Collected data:
==*==

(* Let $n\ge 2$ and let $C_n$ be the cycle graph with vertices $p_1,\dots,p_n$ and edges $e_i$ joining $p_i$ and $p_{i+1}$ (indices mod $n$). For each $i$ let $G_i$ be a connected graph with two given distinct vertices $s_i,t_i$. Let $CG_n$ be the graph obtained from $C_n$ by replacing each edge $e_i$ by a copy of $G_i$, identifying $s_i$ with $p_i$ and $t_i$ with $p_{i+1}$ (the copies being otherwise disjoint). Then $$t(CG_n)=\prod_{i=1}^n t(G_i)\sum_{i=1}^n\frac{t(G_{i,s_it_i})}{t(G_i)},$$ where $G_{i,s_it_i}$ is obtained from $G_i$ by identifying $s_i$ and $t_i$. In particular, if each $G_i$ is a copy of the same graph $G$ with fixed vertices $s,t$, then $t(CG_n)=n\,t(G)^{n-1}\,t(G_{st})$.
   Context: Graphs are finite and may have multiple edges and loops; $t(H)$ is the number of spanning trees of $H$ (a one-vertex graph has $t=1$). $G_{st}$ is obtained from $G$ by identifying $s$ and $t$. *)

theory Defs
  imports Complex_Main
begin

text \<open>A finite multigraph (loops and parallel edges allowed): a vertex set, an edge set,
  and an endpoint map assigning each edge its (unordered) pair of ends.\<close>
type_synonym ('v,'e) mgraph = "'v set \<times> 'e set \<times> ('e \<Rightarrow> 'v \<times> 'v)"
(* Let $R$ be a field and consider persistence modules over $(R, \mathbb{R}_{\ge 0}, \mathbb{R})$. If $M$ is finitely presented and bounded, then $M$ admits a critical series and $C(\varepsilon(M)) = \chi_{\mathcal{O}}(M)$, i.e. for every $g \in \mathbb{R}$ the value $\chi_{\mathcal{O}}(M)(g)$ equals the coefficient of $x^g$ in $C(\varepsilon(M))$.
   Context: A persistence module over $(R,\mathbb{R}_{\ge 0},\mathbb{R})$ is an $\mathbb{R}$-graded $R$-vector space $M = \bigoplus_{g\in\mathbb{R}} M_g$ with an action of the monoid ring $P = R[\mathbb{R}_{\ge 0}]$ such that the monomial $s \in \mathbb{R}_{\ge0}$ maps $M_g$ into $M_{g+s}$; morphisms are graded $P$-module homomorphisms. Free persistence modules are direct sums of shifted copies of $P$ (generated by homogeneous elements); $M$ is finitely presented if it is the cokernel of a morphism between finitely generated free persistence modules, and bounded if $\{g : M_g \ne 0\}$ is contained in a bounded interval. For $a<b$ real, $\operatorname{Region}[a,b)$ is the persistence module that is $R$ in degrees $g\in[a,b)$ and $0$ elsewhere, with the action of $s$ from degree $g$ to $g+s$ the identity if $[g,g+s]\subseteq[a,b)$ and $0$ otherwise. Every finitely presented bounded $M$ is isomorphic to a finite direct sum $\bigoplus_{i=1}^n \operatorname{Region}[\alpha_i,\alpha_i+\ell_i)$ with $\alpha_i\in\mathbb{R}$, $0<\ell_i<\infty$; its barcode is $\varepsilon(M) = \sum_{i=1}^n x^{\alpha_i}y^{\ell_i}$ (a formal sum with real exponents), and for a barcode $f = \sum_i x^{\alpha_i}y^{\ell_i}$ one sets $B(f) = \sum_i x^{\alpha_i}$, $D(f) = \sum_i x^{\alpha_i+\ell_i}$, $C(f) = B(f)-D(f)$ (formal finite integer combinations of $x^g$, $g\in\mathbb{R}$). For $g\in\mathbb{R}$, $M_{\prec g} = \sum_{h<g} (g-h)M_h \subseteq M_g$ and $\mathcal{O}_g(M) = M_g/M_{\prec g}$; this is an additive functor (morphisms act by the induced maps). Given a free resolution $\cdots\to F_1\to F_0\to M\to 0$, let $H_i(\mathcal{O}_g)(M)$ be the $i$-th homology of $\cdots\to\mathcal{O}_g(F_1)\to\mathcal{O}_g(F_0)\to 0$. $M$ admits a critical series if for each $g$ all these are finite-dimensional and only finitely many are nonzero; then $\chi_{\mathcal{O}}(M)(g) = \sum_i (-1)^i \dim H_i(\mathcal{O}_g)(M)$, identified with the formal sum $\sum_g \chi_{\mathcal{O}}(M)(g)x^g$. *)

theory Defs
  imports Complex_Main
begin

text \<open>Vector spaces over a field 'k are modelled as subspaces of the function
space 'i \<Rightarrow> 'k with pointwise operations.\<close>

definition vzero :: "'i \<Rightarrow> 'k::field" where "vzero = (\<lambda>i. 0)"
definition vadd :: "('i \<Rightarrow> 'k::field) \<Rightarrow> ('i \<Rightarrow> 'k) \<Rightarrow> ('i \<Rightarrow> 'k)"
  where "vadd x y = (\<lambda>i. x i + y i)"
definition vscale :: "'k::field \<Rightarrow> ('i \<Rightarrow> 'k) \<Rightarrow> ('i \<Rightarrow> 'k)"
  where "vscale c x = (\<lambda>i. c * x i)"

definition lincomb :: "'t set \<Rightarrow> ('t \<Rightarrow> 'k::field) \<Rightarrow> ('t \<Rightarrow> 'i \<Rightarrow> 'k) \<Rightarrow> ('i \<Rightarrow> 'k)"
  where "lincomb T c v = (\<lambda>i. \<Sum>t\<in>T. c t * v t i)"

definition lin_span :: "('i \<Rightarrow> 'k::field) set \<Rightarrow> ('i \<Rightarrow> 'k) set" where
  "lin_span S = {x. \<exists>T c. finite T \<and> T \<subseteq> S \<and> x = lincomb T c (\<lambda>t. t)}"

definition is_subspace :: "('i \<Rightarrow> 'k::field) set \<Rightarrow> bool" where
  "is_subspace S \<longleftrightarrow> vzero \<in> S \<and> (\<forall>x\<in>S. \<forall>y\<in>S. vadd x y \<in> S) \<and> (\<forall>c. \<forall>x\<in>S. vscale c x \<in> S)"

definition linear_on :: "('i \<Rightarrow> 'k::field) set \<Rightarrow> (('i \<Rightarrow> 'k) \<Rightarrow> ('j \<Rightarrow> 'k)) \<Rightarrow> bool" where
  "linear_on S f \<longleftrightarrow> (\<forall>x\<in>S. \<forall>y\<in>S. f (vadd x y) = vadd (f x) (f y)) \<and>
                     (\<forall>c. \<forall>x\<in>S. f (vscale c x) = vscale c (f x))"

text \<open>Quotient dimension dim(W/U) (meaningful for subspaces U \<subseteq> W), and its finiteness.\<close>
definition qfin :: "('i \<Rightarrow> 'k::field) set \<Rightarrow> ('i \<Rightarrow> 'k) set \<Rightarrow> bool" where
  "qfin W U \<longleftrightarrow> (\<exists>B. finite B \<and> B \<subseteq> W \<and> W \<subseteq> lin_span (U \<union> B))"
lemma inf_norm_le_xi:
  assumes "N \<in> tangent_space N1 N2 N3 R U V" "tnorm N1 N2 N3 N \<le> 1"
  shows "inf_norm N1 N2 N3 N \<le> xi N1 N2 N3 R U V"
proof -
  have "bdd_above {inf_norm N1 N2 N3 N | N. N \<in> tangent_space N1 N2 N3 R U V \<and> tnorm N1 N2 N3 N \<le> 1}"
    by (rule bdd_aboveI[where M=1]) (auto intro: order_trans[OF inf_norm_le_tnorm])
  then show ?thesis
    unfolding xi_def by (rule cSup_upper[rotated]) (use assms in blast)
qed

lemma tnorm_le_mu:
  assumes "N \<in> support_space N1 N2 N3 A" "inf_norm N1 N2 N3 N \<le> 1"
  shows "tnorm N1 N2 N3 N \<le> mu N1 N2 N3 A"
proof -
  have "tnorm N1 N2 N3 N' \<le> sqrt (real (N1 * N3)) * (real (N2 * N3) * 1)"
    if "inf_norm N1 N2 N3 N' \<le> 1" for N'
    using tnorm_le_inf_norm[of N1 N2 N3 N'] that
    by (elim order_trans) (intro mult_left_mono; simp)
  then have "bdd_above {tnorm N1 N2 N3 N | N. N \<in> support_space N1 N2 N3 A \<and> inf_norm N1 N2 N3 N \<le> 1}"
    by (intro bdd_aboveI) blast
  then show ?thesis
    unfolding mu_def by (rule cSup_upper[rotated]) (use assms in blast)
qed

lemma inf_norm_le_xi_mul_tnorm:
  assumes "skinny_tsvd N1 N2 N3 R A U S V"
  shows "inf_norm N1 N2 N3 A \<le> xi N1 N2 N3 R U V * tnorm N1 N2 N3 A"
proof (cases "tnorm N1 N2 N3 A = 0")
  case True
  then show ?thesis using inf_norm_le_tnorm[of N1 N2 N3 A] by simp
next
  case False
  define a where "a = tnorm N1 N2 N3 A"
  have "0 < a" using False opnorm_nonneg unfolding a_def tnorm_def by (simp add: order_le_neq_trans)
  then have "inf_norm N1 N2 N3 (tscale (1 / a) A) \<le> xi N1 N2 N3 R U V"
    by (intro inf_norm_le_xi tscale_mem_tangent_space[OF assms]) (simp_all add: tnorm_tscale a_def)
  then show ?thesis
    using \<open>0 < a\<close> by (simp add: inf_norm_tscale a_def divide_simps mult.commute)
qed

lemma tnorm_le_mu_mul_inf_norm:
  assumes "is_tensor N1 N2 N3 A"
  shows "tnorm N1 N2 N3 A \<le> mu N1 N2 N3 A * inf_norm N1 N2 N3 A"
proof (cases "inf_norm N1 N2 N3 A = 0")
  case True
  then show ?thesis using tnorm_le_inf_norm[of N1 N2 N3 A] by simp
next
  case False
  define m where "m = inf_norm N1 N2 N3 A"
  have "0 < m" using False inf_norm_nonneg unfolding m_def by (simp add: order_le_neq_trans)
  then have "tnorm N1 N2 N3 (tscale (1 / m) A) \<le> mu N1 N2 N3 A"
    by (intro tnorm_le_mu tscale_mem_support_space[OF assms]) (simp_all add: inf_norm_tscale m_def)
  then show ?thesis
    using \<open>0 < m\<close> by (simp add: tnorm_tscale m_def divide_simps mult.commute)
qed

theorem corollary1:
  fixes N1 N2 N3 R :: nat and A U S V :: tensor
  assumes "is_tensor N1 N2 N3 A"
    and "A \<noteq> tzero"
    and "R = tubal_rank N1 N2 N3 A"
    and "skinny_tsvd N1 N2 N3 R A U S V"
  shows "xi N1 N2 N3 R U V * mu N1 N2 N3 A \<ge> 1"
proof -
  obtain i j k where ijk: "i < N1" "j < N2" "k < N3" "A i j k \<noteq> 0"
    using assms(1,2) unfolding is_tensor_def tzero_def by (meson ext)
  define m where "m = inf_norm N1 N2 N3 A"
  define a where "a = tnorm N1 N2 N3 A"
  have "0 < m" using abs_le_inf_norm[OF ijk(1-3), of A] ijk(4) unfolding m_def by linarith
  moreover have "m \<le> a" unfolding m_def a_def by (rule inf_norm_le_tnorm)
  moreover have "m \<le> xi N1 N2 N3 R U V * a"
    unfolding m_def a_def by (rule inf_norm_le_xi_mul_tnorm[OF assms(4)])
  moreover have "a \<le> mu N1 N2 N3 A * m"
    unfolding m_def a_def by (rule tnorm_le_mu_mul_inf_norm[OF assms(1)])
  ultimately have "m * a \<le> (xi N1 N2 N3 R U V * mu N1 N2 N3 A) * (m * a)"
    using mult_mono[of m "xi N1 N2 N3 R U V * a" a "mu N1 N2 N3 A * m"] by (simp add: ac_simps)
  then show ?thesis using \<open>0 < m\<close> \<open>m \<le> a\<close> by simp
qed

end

==*==

TASK REQUIREMENTS: Going through the records above, count the lines that hold "vzero" and answer with the count alone.

EXERCISE RESULT: 2